L’Espagne est devenue championne du monde au terme d’une finale d’une intensité exceptionnelle, en battant l’Argentine 1-0 après prolongation. Il a fallu attendre la 106e minute pour voir Ferran Torres délivrer la Roja dans un match longtemps verrouillé, où la domination espagnole a fini par être récompensée.
Dès le coup d’envoi, l’Espagne a imposé son rythme en monopolisant le ballon. Avec 66 % de possession sur l’ensemble de la rencontre, les Espagnols ont progressivement étouffé une sélection argentine davantage préoccupée par sa solidité défensive que par la construction offensive.
Malgré cette maîtrise, la Roja s’est heurtée à une résistance héroïque du gardien argentin. Sollicité à douze reprises, il a réalisé onze arrêts décisifs, maintenant son équipe en vie pendant plus de cent minutes. L’Espagne a terminé la rencontre avec 20 tirs, dont 12 cadrés, contre seulement deux tentatives argentines, aucune n’ayant trouvé le cadre.
Le tournant du match est intervenu dans les derniers instants du temps réglementaire. Déjà averti, Enzo Fernández a reçu un second carton jaune pour une faute, laissant l’Argentine évoluer à dix joueurs pendant toute la prolongation.
Profitant de sa supériorité numérique et de son emprise sur le jeu, l’Espagne a finalement trouvé la faille à la 106e minute. Nico Williams a parfaitement servi Ferran Torres, qui a conclu d’une frappe précise pour inscrire l’unique but de la finale. Les Espagnols auraient même pu alourdir le score, mais Nico Williams (97e) puis Ferran Torres (114e) ont manqué deux nouvelles occasions franches.

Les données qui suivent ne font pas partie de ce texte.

definition character :: "('a, 'b) monoid_scheme \<Rightarrow> ('a \<Rightarrow> complex mat) \<Rightarrow> 'a \<Rightarrow> complex" where
  "character G \<rho> = (\<lambda>g. if g \<in> carrier G then mat_trace (\<rho> g) else 0)"

lemma Irr_iff: "\<chi> \<in> Irr G \<longleftrightarrow> (\<exists>n \<rho>. irreducible_rep G n \<rho> \<and> \<chi> = character G \<rho>)"
  unfolding Irr_def character_def by blast

lemma character_in_Irr: "irreducible_rep G n \<rho> \<Longrightarrow> character G \<rho> \<in> Irr G"
  unfolding Irr_iff by blast

context group
begin

lemma character_inner_product:
  assumes fin: "finite (carrier G)" and r: "is_rep G n \<rho>" and s: "is_rep G m \<sigma>"
  shows "(\<Sum>g\<in>carrier G. character G \<rho> g * cnj (character G \<sigma> g))
    = (\<Sum>a<n. \<Sum>b<m. \<Sum>g\<in>carrier G. \<rho> g $$ (a,a) * \<sigma> (inv g) $$ (b,b))"
proof -
  have "(\<Sum>g\<in>carrier G. character G \<rho> g * cnj (character G \<sigma> g))
      = (\<Sum>g\<in>carrier G. \<Sum>a<n. \<Sum>b<m. \<rho> g $$ (a,a) * \<sigma> (inv g) $$ (b,b))"
  proof (rule sum.cong[OF refl])
    fix g assume g: "g \<in> carrier G"
    have "character G \<rho> g * cnj (character G \<sigma> g) = mat_trace (\<rho> g) * mat_trace (\<sigma> (inv g))"
      using g unfolding character_def by (simp add: rep_trace_inv[OF fin s g])
    also have "\<dots> = (\<Sum>a<n. \<Sum>b<m. \<rho> g $$ (a,a) * \<sigma> (inv g) $$ (b,b))"
      using rep_carrier[OF r g] rep_carrier[OF s inv_closed[OF g]]
      by (simp add: mat_trace_carrier[of _ n] mat_trace_carrier[of _ m] sum_product)
    finally show "character G \<rho> g * cnj (character G \<sigma> g)
        = (\<Sum>a<n. \<Sum>b<m. \<rho> g $$ (a,a) * \<sigma> (inv g) $$ (b,b))" .
  qed
  also have "\<dots> = (\<Sum>a<n. \<Sum>b<m. \<Sum>g\<in>carrier G. \<rho> g $$ (a,a) * \<sigma> (inv g) $$ (b,b))"
    by (simp add: sum.swap[of _ "carrier G"])
  finally show ?thesis .
qed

L’Argentine, en difficulté offensivement tout au long de la rencontre, n’a jamais réussi à inquiéter sérieusement la défense espagnole. Avec seulement 34 % de possession, deux tirs et aucun cadré, l’Albiceleste a passé l’essentiel de la finale à défendre, multipliant les interventions parfois à la limite. Les cinq cartons jaunes et l’expulsion d’Enzo Fernández illustrent la pression subie par les Argentins.
Au-delà du score, les statistiques traduisent l’écart entre les deux équipes. L’Espagne a obtenu neuf corners contre quatre, dominé la possession, créé de nombreuses occasions et contraint le gardien adverse à une prestation exceptionnelle. Sans cette performance individuelle, l’issue de la finale aurait probablement été scellée bien plus tôt.
Au coup de sifflet final, la Roja pouvait laisser éclater sa joie. Grâce au but décisif de Ferran Torres en prolongation et à une prestation collective maîtrisée de bout en bout, l’Espagne s’offre le titre mondial au terme d’une finale exigeante, tandis que l’Argentine quitte la compétition avec le regret de n’avoir jamais trouvé les ressources pour renverser une équipe espagnole supérieure dans tous les compartiments du jeu.